---- Data extract

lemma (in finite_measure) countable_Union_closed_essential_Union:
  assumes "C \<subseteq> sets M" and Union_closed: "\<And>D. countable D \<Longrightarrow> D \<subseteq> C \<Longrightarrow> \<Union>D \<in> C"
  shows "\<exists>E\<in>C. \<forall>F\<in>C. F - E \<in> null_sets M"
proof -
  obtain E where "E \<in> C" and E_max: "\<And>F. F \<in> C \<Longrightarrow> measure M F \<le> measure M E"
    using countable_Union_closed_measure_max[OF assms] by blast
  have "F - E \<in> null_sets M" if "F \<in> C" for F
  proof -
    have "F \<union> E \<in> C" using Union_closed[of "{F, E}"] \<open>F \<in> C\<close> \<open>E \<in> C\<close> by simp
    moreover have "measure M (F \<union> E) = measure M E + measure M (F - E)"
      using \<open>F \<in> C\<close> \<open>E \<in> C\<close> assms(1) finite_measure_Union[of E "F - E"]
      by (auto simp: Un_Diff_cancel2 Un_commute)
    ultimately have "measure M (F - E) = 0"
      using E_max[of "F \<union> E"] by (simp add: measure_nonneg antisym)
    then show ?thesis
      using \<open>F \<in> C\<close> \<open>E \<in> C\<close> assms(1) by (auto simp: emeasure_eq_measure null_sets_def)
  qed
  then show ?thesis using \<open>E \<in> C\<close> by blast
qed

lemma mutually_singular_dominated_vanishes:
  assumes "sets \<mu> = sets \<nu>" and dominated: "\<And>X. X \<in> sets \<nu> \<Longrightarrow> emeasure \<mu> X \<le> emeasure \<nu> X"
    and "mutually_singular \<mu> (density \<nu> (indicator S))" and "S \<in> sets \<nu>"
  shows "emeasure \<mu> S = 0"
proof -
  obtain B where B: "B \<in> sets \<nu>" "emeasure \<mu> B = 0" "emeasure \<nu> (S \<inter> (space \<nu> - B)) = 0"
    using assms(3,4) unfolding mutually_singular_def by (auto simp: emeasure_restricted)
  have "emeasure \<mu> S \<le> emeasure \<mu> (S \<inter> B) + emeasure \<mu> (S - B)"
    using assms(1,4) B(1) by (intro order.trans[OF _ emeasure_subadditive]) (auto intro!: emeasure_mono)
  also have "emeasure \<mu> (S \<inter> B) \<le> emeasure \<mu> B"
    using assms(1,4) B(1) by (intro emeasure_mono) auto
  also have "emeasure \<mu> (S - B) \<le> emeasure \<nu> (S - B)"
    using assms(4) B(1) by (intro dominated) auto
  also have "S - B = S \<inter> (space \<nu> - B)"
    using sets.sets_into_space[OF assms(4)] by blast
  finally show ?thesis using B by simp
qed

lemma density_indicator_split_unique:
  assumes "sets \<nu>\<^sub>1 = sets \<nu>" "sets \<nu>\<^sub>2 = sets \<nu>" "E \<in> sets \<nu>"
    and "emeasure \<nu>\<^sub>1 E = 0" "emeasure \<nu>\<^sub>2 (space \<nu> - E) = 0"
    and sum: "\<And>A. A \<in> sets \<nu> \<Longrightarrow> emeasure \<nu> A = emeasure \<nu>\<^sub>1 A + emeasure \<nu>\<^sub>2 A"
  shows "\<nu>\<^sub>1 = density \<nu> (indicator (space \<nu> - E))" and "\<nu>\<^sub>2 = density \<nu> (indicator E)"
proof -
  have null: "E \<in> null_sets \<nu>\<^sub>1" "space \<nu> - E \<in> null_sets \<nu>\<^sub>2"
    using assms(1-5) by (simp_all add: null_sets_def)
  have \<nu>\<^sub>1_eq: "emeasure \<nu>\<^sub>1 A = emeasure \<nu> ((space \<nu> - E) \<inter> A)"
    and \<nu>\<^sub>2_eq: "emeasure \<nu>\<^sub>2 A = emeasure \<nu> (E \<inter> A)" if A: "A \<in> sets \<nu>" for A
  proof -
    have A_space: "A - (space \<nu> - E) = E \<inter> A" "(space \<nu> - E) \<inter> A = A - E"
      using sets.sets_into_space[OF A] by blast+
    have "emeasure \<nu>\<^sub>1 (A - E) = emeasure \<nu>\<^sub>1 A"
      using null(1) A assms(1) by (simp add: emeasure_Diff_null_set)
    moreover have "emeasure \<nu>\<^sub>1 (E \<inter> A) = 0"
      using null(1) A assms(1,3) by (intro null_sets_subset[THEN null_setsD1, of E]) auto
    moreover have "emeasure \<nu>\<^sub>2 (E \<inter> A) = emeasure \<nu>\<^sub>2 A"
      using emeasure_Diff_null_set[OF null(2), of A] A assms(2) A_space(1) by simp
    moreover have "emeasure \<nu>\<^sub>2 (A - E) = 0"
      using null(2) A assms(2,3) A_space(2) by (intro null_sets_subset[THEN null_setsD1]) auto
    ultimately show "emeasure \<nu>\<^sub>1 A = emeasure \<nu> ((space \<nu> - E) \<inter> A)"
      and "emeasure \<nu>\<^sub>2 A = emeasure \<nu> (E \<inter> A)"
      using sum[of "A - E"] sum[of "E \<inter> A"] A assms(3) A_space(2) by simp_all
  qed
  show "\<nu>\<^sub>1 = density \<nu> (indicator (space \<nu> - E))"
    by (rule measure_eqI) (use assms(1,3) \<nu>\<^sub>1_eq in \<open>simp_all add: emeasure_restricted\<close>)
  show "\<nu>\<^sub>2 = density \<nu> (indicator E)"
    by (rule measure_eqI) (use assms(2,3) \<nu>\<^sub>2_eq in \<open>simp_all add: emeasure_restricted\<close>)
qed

--------
---- Data extract

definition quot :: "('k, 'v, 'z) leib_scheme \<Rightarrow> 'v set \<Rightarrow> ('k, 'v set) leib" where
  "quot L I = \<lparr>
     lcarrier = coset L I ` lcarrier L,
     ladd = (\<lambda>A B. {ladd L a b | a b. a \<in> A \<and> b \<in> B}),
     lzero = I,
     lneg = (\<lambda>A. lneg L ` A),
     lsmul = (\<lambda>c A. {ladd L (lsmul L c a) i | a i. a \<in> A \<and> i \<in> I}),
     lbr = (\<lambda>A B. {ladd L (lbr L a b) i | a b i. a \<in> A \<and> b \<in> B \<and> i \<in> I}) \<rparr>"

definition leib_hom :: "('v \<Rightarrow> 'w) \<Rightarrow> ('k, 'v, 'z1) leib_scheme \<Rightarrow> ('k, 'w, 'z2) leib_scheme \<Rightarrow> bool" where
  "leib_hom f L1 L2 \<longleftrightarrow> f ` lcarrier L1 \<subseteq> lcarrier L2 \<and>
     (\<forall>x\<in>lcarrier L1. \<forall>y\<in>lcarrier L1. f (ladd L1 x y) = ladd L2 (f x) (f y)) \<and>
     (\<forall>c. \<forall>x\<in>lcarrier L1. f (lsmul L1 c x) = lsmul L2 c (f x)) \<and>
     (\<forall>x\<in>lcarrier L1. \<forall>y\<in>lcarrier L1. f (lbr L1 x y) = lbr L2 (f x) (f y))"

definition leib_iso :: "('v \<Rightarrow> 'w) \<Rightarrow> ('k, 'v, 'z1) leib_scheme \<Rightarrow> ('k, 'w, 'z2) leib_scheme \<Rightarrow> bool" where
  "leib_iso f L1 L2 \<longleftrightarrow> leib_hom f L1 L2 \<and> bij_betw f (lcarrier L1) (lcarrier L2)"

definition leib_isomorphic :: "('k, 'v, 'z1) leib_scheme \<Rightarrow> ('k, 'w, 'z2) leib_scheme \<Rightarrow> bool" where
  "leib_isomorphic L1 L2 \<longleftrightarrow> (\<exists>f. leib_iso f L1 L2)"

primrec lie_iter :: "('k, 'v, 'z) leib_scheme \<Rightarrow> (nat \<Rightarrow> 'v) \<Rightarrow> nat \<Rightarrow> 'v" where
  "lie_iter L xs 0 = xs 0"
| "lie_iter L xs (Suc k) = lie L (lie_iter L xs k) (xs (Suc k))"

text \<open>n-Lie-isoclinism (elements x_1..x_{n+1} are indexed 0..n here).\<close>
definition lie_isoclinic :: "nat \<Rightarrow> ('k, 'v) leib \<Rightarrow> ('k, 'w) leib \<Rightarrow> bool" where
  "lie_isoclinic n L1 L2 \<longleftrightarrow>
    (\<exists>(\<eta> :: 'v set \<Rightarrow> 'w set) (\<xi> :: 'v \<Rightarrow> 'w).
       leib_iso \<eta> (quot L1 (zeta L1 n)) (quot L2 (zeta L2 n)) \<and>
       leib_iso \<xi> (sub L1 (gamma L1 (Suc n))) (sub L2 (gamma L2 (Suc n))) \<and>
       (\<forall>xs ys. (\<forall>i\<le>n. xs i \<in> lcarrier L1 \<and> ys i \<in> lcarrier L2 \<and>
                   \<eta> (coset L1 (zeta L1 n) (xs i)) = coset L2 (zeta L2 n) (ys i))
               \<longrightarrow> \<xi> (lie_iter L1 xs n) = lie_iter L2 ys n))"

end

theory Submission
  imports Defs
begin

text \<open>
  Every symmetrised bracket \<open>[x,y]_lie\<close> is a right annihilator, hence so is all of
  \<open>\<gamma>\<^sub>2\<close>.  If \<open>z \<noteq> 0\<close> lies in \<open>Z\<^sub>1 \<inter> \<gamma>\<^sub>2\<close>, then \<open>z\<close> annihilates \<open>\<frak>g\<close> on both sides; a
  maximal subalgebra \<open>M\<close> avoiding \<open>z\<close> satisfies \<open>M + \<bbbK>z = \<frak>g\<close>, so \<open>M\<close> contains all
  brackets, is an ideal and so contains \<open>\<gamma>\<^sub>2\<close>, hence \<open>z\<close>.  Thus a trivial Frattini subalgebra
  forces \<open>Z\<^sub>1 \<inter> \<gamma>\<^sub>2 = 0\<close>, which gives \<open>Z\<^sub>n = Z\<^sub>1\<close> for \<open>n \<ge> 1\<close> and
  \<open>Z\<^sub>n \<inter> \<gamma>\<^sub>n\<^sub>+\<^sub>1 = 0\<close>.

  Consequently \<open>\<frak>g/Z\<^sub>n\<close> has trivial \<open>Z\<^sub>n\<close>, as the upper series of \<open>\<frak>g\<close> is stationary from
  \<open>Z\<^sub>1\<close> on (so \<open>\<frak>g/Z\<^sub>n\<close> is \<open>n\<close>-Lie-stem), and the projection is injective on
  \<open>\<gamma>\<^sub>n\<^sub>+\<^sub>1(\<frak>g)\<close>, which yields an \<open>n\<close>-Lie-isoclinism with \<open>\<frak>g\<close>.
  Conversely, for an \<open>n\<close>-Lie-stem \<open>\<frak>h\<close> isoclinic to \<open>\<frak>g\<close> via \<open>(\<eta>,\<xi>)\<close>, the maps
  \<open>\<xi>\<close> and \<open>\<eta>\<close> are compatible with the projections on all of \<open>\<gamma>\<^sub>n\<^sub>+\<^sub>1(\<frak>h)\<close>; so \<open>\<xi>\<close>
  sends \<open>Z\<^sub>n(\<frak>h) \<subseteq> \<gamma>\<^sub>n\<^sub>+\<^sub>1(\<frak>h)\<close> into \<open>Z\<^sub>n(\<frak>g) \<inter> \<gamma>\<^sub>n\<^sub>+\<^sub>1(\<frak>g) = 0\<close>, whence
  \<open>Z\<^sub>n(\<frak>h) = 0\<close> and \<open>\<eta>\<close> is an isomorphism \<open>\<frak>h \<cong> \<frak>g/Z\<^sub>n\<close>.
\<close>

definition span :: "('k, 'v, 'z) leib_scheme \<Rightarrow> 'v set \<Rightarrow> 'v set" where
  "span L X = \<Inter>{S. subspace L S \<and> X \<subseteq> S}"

--------

» **Exercise description**: Where does the string "which" appear in the records? Copy every line that holds it.

» **Expected output**:
  forces \<open>Z\<^sub>1 \<inter> \<gamma>\<^sub>2 = 0\<close>, which gives \<open>Z\<^sub>n = Z\<^sub>1\<close> for \<open>n \<ge> 1\<close> and
  \<open>\<gamma>\<^sub>n\<^sub>+\<^sub>1(\<frak>g)\<close>, which yields an \<open>n\<close>-Lie-isoclinism with \<open>\<frak>g\<close>.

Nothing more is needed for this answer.